• **REQUIRED WORK**: Pick out the lines in the listing below that contain the word "subseteq" and copy them.

• **EXERCISE DATA**:
● ● ● ● ●

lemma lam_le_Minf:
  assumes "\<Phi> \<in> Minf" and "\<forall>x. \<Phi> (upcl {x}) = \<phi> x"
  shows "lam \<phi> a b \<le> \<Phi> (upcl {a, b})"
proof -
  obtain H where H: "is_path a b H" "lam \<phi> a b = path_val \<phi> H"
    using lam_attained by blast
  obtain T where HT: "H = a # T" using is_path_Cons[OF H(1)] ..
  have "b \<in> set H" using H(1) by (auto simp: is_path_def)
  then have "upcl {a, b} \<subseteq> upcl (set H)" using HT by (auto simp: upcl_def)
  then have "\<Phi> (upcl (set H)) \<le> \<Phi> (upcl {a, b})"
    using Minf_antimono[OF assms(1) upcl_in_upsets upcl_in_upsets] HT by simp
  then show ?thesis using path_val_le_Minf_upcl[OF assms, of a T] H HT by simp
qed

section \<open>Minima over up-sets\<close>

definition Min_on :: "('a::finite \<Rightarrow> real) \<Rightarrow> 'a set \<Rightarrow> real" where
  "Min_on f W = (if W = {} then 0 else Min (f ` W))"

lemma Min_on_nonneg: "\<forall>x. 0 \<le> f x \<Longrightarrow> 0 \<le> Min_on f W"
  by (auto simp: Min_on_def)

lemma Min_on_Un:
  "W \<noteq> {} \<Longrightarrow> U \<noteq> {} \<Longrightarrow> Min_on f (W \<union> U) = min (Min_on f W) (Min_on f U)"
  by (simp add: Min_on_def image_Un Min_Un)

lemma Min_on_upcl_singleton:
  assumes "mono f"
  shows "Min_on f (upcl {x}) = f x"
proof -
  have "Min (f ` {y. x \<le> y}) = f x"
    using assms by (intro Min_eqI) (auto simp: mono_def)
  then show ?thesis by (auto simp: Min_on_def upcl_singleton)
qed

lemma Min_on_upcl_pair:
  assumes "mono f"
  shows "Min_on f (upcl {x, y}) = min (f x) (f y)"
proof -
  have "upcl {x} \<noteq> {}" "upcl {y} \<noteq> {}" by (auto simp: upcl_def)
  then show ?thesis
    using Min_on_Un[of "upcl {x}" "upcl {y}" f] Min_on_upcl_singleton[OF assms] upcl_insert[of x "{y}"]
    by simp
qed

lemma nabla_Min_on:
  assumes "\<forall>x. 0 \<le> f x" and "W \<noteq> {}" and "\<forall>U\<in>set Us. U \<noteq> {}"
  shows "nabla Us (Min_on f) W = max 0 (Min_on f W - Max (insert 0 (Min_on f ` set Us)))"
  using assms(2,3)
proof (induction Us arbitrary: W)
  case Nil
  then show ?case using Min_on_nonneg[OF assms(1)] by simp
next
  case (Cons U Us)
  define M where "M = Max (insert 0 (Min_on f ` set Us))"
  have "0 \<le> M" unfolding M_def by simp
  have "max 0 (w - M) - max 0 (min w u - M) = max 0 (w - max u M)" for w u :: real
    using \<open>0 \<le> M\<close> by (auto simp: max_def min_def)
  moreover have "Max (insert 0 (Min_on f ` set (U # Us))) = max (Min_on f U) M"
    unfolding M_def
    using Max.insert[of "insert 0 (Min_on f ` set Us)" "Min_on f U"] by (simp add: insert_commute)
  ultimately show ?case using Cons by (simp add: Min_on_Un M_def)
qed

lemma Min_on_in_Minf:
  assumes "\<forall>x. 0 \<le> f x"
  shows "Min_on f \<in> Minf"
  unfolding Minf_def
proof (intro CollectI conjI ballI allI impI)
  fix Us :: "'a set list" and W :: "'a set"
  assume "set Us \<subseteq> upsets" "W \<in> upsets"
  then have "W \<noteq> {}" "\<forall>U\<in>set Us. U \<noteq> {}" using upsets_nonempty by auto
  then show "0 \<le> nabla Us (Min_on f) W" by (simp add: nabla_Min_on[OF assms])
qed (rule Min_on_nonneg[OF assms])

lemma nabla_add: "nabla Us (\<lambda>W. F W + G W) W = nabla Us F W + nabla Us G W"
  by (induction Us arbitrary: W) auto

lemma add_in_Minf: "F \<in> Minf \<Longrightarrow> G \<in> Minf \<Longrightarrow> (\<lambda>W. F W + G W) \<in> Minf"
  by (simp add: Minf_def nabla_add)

● ● ● ● ●

• **EXERCISE RESULT**:
  then have "upcl {a, b} \<subseteq> upcl (set H)" using HT by (auto simp: upcl_def)
  assume "set Us \<subseteq> upsets" "W \<in> upsets"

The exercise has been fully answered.